The pages are almost done, I'll post the results after the next toolbar update.

sachin410
Dec 29th 2005, 10:12 pm
But there has to be a balance. If every web page gave PR to other web pages and it never cost them PR, then the average pagerank on Google would continue to increase and increase... which is contradictory keeping the average PR on the web at 1.



The average actual PR will definitely keep on increasing as more and more pages are created.

The PR that you see on your Google toolbar is the PR converted to log scale.

Google.com has PR of 10 right now. If more and more pages link to it, its PR will increase.
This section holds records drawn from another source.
section \<open>Existence and uniqueness of minimisers\<close>

lemma attains_min_coercive:
  fixes f :: "'a::topological_space \<Rightarrow> real"
  assumes "closed K" "compact B" "x0 \<in> K \<inter> B" "continuous_on UNIV f"
    and outside: "\<And>x. x \<in> K \<Longrightarrow> x \<notin> B \<Longrightarrow> f x0 \<le> f x"
  shows "\<exists>\<theta>\<in>K. \<forall>\<eta>\<in>K. f \<theta> \<le> f \<eta>"
proof -
  obtain \<theta> where \<theta>: "\<theta> \<in> K \<inter> B" and min: "\<forall>y\<in>K \<inter> B. f \<theta> \<le> f y"
    using continuous_attains_inf[of "K \<inter> B" f] assms(1-4)
    by (metis closed_Int_compact continuous_on_subset empty_iff subset_UNIV)
  have "f \<theta> \<le> f \<eta>" if "\<eta> \<in> K" for \<eta>
  proof (cases "\<eta> \<in> B")
    case False
    then have "f x0 \<le> f \<eta>" using outside that by blast
    moreover have "f \<theta> \<le> f x0" using min assms(3) by blast
    ultimately show ?thesis by linarith
  qed (use min that in blast)
  with \<theta> show ?thesis by blast
qed

lemma compact_PiE_UNIV:
  assumes "\<And>i. compact (S i :: real set)"
  shows "compact (PiE UNIV S)"
proof -
  have "compactin (product_topology (\<lambda>i. euclidean) UNIV) (PiE UNIV S)"
    using assms by (subst compactin_PiE) auto
  then show ?thesis by (simp add: euclidean_product_topology)
qed

lemma sqdist_nonneg: "0 \<le> sqdist n Y \<eta>"
  unfolding sqdist_def by (intro sum_nonneg) simp

lemma sqdist_ge_coordinate:
  assumes "i < n"
  shows "(Y i - \<eta> i)\<^sup>2 \<le> sqdist n Y \<eta>"
  unfolding sqdist_def using assms by (intro member_le_sum) auto

text \<open>Existence: outside a large box around Y, half the squared distance alone already
  exceeds the objective at the zero vector.\<close>

lemma liso_minimiser_exists:
  assumes n: "n \<ge> 1" and lam: "lam \<ge> 0"
  shows "\<exists>\<theta>\<in>monoset n X. \<forall>\<eta>\<in>monoset n X. liso_obj n Y lam \<theta> \<le> liso_obj n Y lam \<eta>"
proof -
  define c where "c = liso_obj n Y lam (\<lambda>i. 0)"
  define r where "r = 2 * c + 1"
  define S where "S = (\<lambda>i. if i < n then {- (\<bar>Y i\<bar> + r) .. \<bar>Y i\<bar> + r} else {0::real})"
  have c: "c \<ge> 0"
    using liso_obj_ge_sqdist[OF n lam, of Y "\<lambda>i. 0"] sqdist_nonneg[of n Y "\<lambda>i. 0"]
    unfolding c_def by linarith
  have r: "r \<ge> 1" "2 * c < r\<^sup>2"
  proof -
    show r1: "r \<ge> 1" using c unfolding r_def by simp
    have "r * 1 \<le> r * r" using r1 by (intro mult_left_mono) auto
    then show "2 * c < r\<^sup>2" unfolding r_def by (simp add: power2_eq_square)
  qed
  have mem: "x \<in> PiE UNIV S \<longleftrightarrow> (\<forall>i. x i \<in> S i)" for x
    by (auto simp: PiE_UNIV_domain)
  have "liso_obj n Y lam (\<lambda>i. 0) \<le> liso_obj n Y lam \<eta>"
    if \<eta>: "\<eta> \<in> monoset n X" "\<eta> \<notin> PiE UNIV S" for \<eta>
  proof -
    obtain i where i: "\<eta> i \<notin> S i" using mem \<eta>(2) by blast
    have "i < n"
      using i monosetD(1)[OF \<eta>(1), of i] by (cases "i < n") (auto simp: S_def)
    with i have "\<bar>Y i\<bar> + r < \<bar>\<eta> i\<bar>" by (auto simp: S_def)
    then have "r < \<bar>Y i - \<eta> i\<bar>" by arith
    then have "r\<^sup>2 < \<bar>Y i - \<eta> i\<bar>\<^sup>2"
      by (rule power_strict_mono) (use r(1) in auto)
    then have "c < sqdist n Y \<eta> / 2"
      using sqdist_ge_coordinate[OF \<open>i < n\<close>, of Y \<eta>] r(2) by simp
    then show ?thesis
      using liso_obj_ge_sqdist[OF n lam, of Y \<eta>] unfolding c_def by linarith
  qed
  moreover have "(\<lambda>i. 0) \<in> monoset n X \<inter> PiE UNIV S"
    using zero_in_monoset mem r(1) by (auto simp: S_def)
  moreover have "compact (PiE UNIV S)"
    by (rule compact_PiE_UNIV) (simp add: S_def)
  ultimately show ?thesis
    using attains_min_coercive[OF monoset_closed _ _ continuous_on_liso_obj[OF n]] by blast
qed

text \<open>Strict convexity along the midpoint: the squared distance of the midpoint loses a
  quarter of the squared distance between the two points; the spread is midpoint convex.\<close>

lemma square_dist_midpoint:
  fixes y a b :: real
  shows "(y - (a + b) / 2)\<^sup>2 = ((y - a)\<^sup>2 + (y - b)\<^sup>2) / 2 - (a - b)\<^sup>2 / 4"
  by (simp add: power2_eq_square field_simps)

lemma sqdist_midpoint:
  "sqdist n Y (\<lambda>i. (a i + b i) / 2) =
     (sqdist n Y a + sqdist n Y b) / 2 - (\<Sum>i<n. (a i - b i)\<^sup>2) / 4"
  unfolding sqdist_def square_dist_midpoint
  by (simp add: sum_subtractf sum.distrib flip: sum_divide_distrib)

lemma spread_midpoint:
  assumes "n \<ge> 1"
  shows "spread n (\<lambda>i. (a i + b i) / 2) \<le> (spread n a + spread n b) / 2"
proof -
  have fin: "finite {..<n}" "{..<n} \<noteq> {}" using assms by (auto simp: lessThan_empty_iff)
  have "Max ((\<lambda>i. (a i + b i) / 2) ` {..<n}) \<in> (\<lambda>i. (a i + b i) / 2) ` {..<n}"
    by (rule Max_in) (use fin in auto)
  then obtain k where k: "k < n" "Max ((\<lambda>i. (a i + b i) / 2) ` {..<n}) = (a k + b k) / 2"
    by auto
  have "Min ((\<lambda>i. (a i + b i) / 2) ` {..<n}) \<in> (\<lambda>i. (a i + b i) / 2) ` {..<n}"
    by (rule Min_in) (use fin in auto)
  then obtain l where l: "l < n" "Min ((\<lambda>i. (a i + b i) / 2) ` {..<n}) = (a l + b l) / 2"
    by auto
  have "a k \<le> Max (a ` {..<n})" "b k \<le> Max (b ` {..<n})"
       "Min (a ` {..<n}) \<le> a l" "Min (b ` {..<n}) \<le> b l"
    using k(1) l(1) by auto
  then show ?thesis unfolding spread_def k(2) l(2) by (simp add: field_simps)
qed

lemma liso_minimiser_unique:
  assumes n: "n \<ge> 1" and lam: "lam \<ge> 0"
    and a: "a \<in> monoset n X" "\<forall>\<eta>\<in>monoset n X. liso_obj n Y lam a \<le> liso_obj n Y lam \<eta>"
    and b: "b \<in> monoset n X" "\<forall>\<eta>\<in>monoset n X. liso_obj n Y lam b \<le> liso_obj n Y lam \<eta>"
  shows "a = b"
proof -
  define mid where "mid = (\<lambda>i. (a i + b i) / 2)"
  define D where "D = (\<Sum>i<n. (a i - b i)\<^sup>2)"
  have "mid \<in> monoset n X"
    using monoset_convex[OF a(1) b(1), of "1/2"] by (simp add: mid_def add_divide_distrib)
  then have "liso_obj n Y lam a \<le> liso_obj n Y lam mid" "liso_obj n Y lam a = liso_obj n Y lam b"
    using a b by (auto intro: order.antisym)
  moreover have "lam * spread n mid \<le> lam * ((spread n a + spread n b) / 2)"
    using spread_midpoint[OF n] lam unfolding mid_def by (rule mult_left_mono)
  ultimately have "D \<le> 0"
    using sqdist_midpoint[of n Y a b] unfolding liso_obj_spread mid_def D_def
    by (simp add: field_simps)
  then have "D = 0"
    unfolding D_def by (intro order.antisym sum_nonneg) auto
  then have "a i = b i" if "i < n" for i
    using that unfolding D_def by (subst (asm) sum_nonneg_eq_0_iff) auto
  then show "a = b"
    using monosetD(1)[OF a(1)] monosetD(1)[OF b(1)] by (intro ext) (metis not_less)
qed

section \<open>The PAVA fit as a projection\<close>

lemma pava_minimises:
  assumes n: "n \<ge> 1"
  shows "pava n X Y \<in> monoset n X"
    and "\<forall>\<eta>\<in>monoset n X. sqdist n Y (pava n X Y) \<le> sqdist n Y \<eta>"
proof -
  have sq: "liso_obj n Y 0 = (\<lambda>\<theta>. sqdist n Y \<theta> / 2)"
    by (simp add: fun_eq_iff liso_obj_spread)
  obtain \<theta> where "\<theta> \<in> monoset n X" "\<forall>\<eta>\<in>monoset n X. sqdist n Y \<theta> \<le> sqdist n Y \<eta>"
    using liso_minimiser_exists[OF n order.refl, of X Y] unfolding sq by auto
  moreover have "a = b"
    if "a \<in> monoset n X" "\<forall>\<eta>\<in>monoset n X. sqdist n Y a \<le> sqdist n Y \<eta>"
      "b \<in> monoset n X" "\<forall>\<eta>\<in>monoset n X. sqdist n Y b \<le> sqdist n Y \<eta>" for a b
    by (rule liso_minimiser_unique[OF n order.refl, of a X Y b]) (use that in \<open>simp_all add: sq\<close>)
  ultimately have "\<exists>!\<theta>. \<theta> \<in> monoset n X \<and> (\<forall>\<eta>\<in>monoset n X. sqdist n Y \<theta> \<le> sqdist n Y \<eta>)"
    by blast
  then have "pava n X Y \<in> monoset n X \<and> (\<forall>\<eta>\<in>monoset n X. sqdist n Y (pava n X Y) \<le> sqdist n Y \<eta>)"
    unfolding pava_def by (rule theI')
  then show "pava n X Y \<in> monoset n X" "\<forall>\<eta>\<in>monoset n X. sqdist n Y (pava n X Y) \<le> sqdist n Y \<eta>"
    by auto
qed

lemma sqdist_expand:
  "sqdist n Y z = sqdist n Y p - 2 * (\<Sum>i<n. (Y i - p i) * (z i - p i)) + (\<Sum>i<n. (z i - p i)\<^sup>2)"
proof -
  have "sqdist n Y z = (\<Sum>i<n. (Y i - p i)\<^sup>2 - 2 * ((Y i - p i) * (z i - p i)) + (z i - p i)\<^sup>2)"
    unfolding sqdist_def by (rule sum.cong) (simp_all add: power2_eq_square algebra_simps)
  then show ?thesis
    by (simp add: sqdist_def sum.distrib sum_subtractf sum_distrib_left)
qed

lemma nonpos_of_quadratic_bound:
  fixes s q :: real
  assumes bound: "\<And>t. 0 < t \<Longrightarrow> t \<le> 1 \<Longrightarrow> 2 * s \<le> t * q"
  shows "s \<le> 0"
proof (rule ccontr)
  assume "\<not> s \<le> 0"
  then have s: "s > 0" by simp
  then have q: "q > 0" using bound[of 1] by simp
  define t where "t = min 1 (s / q)"
  have t: "0 < t" "t \<le> 1" "t * q \<le> s"
    unfolding t_def using s q by (auto simp: min_def field_simps)
  from bound[OF t(1,2)] t(3) s show False by linarith
qed

lemma projection_variational_inequality:
  assumes min: "\<forall>z\<in>K. sqdist n Y p \<le> sqdist n Y z"
    and segment: "\<And>t. 0 \<le> t \<Longrightarrow> t \<le> 1 \<Longrightarrow> (\<lambda>i. (1 - t) * p i + t * \<eta> i) \<in> K"
  shows "(\<Sum>i<n. (Y i - p i) * (\<eta> i - p i)) \<le> 0"
proof (rule nonpos_of_quadratic_bound)
  fix t :: real assume t: "0 < t" "t \<le> 1"
  define s where "s = (\<Sum>i<n. (Y i - p i) * (\<eta> i - p i))"
  define q where "q = (\<Sum>i<n. (\<eta> i - p i)\<^sup>2)"
  define z where "z = (\<lambda>i. (1 - t) * p i + t * \<eta> i)"
  have "(\<Sum>i<n. (Y i - p i) * (z i - p i)) = t * s"
    unfolding s_def z_def sum_distrib_left by (rule sum.cong) (simp_all add: algebra_simps)
  moreover have "(\<Sum>i<n. (z i - p i)\<^sup>2) = t\<^sup>2 * q"
    unfolding q_def z_def sum_distrib_left by (rule sum.cong) (simp_all add: power2_eq_square algebra_simps)
  moreover have "sqdist n Y p \<le> sqdist n Y z"
    using min segment t unfolding z_def by simp
  ultimately have "t * (2 * s) \<le> t * (t * q)"
    using sqdist_expand[of n Y z p] by (simp add: power2_eq_square)
  then show "2 * s \<le> t * q"
    using t(1) by (rule mult_left_le_imp_le)
qed

section \<open>Clipping\<close>

definition clip :: "real \<Rightarrow> real \<Rightarrow> real \<Rightarrow> real" where
  "clip m M x = min M (max m x)"

lemma mono_clip: "mono (clip m M)"
  by (rule monoI) (simp add: clip_def min_def max_def)

text \<open>Clipping is 1-Lipschitz and nondecreasing, so reflecting through it stays monotone.\<close>

lemma mono_reflect_clip:
  assumes "m \<le> M"
  shows "mono (\<lambda>x. 2 * x - clip m M x)"
  by (rule monoI) (use assms in \<open>simp add: clip_def min_def max_def\<close>)

lemma clip_closest:
  assumes "m \<le> y" "y \<le> M"
  shows "\<bar>clip m M x - x\<bar> \<le> \<bar>y - x\<bar>"
  using assms by (simp add: clip_def min_def max_def abs_if)
(* Let $G$ be a finitely generated, torsion-free, $2$-step nilpotent group whose maximal ring of scalars is $\mathbb{Z}$. Then $G$ cannot be decomposed as a direct product $G=H\times K$ of two non-abelian subgroups $H,K$.
   Context: Commutators: $[g,h]=g^{-1}h^{-1}gh$. Rings are associative with identity. Let $f:G/Z(G)\times G/Z(G)\to G'$, $f(gZ(G),hZ(G))=[g,h]$. A commutative ring $R$ is a ring of scalars of $G$ if there are faithful actions of $R$ by endomorphisms on $M=G/Z(G)$ and $N=G'$ with $f(rx,y)=f(x,ry)=rf(x,y)$ for all $r\in R$, $x,y\in M$. Identifying each ring of scalars with its image in $\mathrm{End}(M)$, the maximal ring of scalars is the one containing all others (as subrings). *)

theory Defs
  imports "HOL-Algebra.Algebra"
begin

text \<open>Commutator with the paper's convention [g,h] = g^-1 h^-1 g h.\<close>
definition comm :: "('a, 'b) monoid_scheme \<Rightarrow> 'a \<Rightarrow> 'a \<Rightarrow> 'a" where
  "comm G g h = inv\<^bsub>G\<^esub> g \<otimes>\<^bsub>G\<^esub> inv\<^bsub>G\<^esub> h \<otimes>\<^bsub>G\<^esub> g \<otimes>\<^bsub>G\<^esub> h"

definition grp_center :: "('a, 'b) monoid_scheme \<Rightarrow> 'a set" where
  "grp_center G = {z \<in> carrier G. \<forall>g \<in> carrier G. z \<otimes>\<^bsub>G\<^esub> g = g \<otimes>\<^bsub>G\<^esub> z}"

definition comm_subgroup :: "('a, 'b) monoid_scheme \<Rightarrow> 'a set" where
  "comm_subgroup G = generate G {comm G g h | g h. g \<in> carrier G \<and> h \<in> carrier G}"

definition finitely_generated :: "('a, 'b) monoid_scheme \<Rightarrow> bool" where
  "finitely_generated G \<longleftrightarrow> (\<exists>S. finite S \<and> S \<subseteq> carrier G \<and> generate G S = carrier G)"

definition torsion_free :: "('a, 'b) monoid_scheme \<Rightarrow> bool" where
  "torsion_free G \<longleftrightarrow> (\<forall>g \<in> carrier G. \<forall>n::nat. n > 0 \<and> g [^]\<^bsub>G\<^esub> n = \<one>\<^bsub>G\<^esub> \<longrightarrow> g = \<one>\<^bsub>G\<^esub>)"

text \<open>2-step nilpotent (nilpotency class at most 2): G' is central.\<close>
definition two_step_nilpotent :: "('a, 'b) monoid_scheme \<Rightarrow> bool" where
  "two_step_nilpotent G \<longleftrightarrow> group G \<and> comm_subgroup G \<subseteq> grp_center G"

definition abelian_subset :: "('a, 'b) monoid_scheme \<Rightarrow> 'a set \<Rightarrow> bool" where
  "abelian_subset G H \<longleftrightarrow> (\<forall>x \<in> H. \<forall>y \<in> H. x \<otimes>\<^bsub>G\<^esub> y = y \<otimes>\<^bsub>G\<^esub> x)"

definition Mgrp :: "('a, 'b) monoid_scheme \<Rightarrow> 'a set monoid" where
  "Mgrp G = G Mod grp_center G"

definition Ngrp :: "('a, 'b) monoid_scheme \<Rightarrow> ('a, 'b) monoid_scheme" where
  "Ngrp G = G\<lparr>carrier := comm_subgroup G\<rparr>"

text \<open>f(gZ(G), hZ(G)) = [g,h] (well defined for 2-step nilpotent G).\<close>
definition fcomm :: "('a, 'b) monoid_scheme \<Rightarrow> 'a set \<Rightarrow> 'a set \<Rightarrow> 'a" where
  "fcomm G x y = comm G (SOME g. g \<in> x) (SOME h. h \<in> y)"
Google will then have to adjust the BASE OF ITS LOG SCALE to accomodate all pages.

As someone pointed out, in future it will become more and more difficult to get higher PR (on the toolbar) - the sites which have the highest toolbar PRs right now, will keep getting more and more links and thus Google will have to shift the base in its algorithm higher....automatically pushing down toolbar PRs of existing pages.

Thus average toolbar PR may still not get affected.

hulkster
Dec 30th 2005, 9:33 am
I belive it exists, and it exists on a factor of eight. I intent to show, by creating link page that nobody will notice and will get no other backlinks.

I intend to show that the control page (zero outgoing links) will have a PR of 5. Then I will have pages with 8, 32, 64, and 128 outgoing links. If I am correct, the the pages with the higher number of links will have lower pagerank. The page with 64 outgoing should have a pagerank approx 2 lower than the page with zero outbounds. The next step would be 512 but that's probably not spiderable, so I stopped at 128.

I'm also going to have a page with nothing but authority links, some people think linking OUT to high PR pages will help (not me), but at any rate.

The pages are almost done, I'll post the results after the next toolbar update.

Very simple but clever/effective test - looking forward to the results.